Please repeat, unchanged, the lines at the top of the listing below, ending with the one that has "define \<Gamma> where".

▶

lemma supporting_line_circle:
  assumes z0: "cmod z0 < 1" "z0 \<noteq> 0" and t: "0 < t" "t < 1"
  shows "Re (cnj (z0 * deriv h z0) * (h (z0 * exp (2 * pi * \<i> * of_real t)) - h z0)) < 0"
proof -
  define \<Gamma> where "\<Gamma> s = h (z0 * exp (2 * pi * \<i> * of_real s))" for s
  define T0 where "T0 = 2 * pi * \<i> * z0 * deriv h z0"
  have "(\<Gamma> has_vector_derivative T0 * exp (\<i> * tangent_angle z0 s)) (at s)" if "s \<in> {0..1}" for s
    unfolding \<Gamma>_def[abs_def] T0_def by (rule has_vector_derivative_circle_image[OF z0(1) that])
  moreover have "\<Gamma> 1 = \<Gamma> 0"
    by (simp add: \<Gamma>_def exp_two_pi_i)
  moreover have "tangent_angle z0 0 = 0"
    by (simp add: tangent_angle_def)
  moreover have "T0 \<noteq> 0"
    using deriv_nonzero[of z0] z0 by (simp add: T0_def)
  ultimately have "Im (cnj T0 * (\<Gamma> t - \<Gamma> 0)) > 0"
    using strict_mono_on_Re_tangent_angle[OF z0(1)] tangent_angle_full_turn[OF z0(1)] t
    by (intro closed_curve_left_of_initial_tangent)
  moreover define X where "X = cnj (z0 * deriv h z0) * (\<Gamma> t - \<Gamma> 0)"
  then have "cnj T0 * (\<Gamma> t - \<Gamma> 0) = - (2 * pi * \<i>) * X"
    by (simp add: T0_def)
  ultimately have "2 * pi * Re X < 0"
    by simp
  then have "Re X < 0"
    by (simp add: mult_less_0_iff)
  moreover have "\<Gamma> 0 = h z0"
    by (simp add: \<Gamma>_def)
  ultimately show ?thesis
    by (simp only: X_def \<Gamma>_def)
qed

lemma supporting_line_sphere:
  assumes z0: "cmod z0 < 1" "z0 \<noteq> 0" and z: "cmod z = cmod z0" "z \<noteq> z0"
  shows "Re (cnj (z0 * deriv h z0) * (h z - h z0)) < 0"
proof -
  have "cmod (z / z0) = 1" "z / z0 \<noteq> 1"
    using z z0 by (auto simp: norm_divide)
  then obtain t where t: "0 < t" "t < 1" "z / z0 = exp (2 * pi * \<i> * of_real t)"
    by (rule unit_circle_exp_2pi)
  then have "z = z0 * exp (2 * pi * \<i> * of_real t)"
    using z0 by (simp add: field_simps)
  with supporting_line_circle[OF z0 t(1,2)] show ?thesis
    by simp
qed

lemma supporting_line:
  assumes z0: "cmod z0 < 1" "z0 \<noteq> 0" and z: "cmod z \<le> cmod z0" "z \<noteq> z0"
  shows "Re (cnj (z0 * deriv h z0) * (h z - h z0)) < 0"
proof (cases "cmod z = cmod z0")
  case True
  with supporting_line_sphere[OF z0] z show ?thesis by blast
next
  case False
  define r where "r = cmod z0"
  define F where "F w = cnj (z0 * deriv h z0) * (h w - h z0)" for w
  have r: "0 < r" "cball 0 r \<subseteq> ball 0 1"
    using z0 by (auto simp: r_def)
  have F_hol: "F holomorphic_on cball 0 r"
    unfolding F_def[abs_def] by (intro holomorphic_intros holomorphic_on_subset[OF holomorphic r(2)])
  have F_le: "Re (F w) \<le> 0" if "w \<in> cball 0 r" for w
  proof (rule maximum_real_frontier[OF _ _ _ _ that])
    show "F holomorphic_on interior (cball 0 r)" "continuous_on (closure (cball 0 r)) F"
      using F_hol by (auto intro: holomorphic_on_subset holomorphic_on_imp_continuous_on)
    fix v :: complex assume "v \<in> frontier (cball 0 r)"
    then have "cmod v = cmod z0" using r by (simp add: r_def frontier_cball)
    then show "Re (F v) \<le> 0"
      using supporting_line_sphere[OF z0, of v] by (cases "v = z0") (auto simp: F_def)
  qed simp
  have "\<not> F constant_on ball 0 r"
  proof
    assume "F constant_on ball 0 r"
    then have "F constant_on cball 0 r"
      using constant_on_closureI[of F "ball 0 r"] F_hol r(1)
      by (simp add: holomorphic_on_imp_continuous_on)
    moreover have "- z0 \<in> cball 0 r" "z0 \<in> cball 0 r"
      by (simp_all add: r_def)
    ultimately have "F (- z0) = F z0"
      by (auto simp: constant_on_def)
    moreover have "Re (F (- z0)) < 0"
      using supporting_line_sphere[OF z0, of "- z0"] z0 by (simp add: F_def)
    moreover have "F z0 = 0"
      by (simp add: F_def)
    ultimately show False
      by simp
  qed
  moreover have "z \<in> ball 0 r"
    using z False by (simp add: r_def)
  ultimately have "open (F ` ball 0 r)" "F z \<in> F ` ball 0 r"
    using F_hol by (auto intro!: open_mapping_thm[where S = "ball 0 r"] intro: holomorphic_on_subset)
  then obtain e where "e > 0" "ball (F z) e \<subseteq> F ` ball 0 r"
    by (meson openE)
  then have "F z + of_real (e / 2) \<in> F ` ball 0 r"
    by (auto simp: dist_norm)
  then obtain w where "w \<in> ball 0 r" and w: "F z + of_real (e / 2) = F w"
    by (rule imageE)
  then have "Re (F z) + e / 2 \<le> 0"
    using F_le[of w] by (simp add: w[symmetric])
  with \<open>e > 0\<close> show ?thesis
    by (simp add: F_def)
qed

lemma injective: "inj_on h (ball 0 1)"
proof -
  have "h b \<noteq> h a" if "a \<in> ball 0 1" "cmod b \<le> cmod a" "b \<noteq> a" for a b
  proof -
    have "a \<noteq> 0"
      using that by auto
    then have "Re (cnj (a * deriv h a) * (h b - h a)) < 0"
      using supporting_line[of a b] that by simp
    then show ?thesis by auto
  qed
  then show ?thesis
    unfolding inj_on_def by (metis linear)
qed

◀

— ANSWER BELOW —
lemma supporting_line_circle:
  assumes z0: "cmod z0 < 1" "z0 \<noteq> 0" and t: "0 < t" "t < 1"
  shows "Re (cnj (z0 * deriv h z0) * (h (z0 * exp (2 * pi * \<i> * of_real t)) - h z0)) < 0"
proof -
  define \<Gamma> where "\<Gamma> s = h (z0 * exp (2 * pi * \<i> * of_real s))" for s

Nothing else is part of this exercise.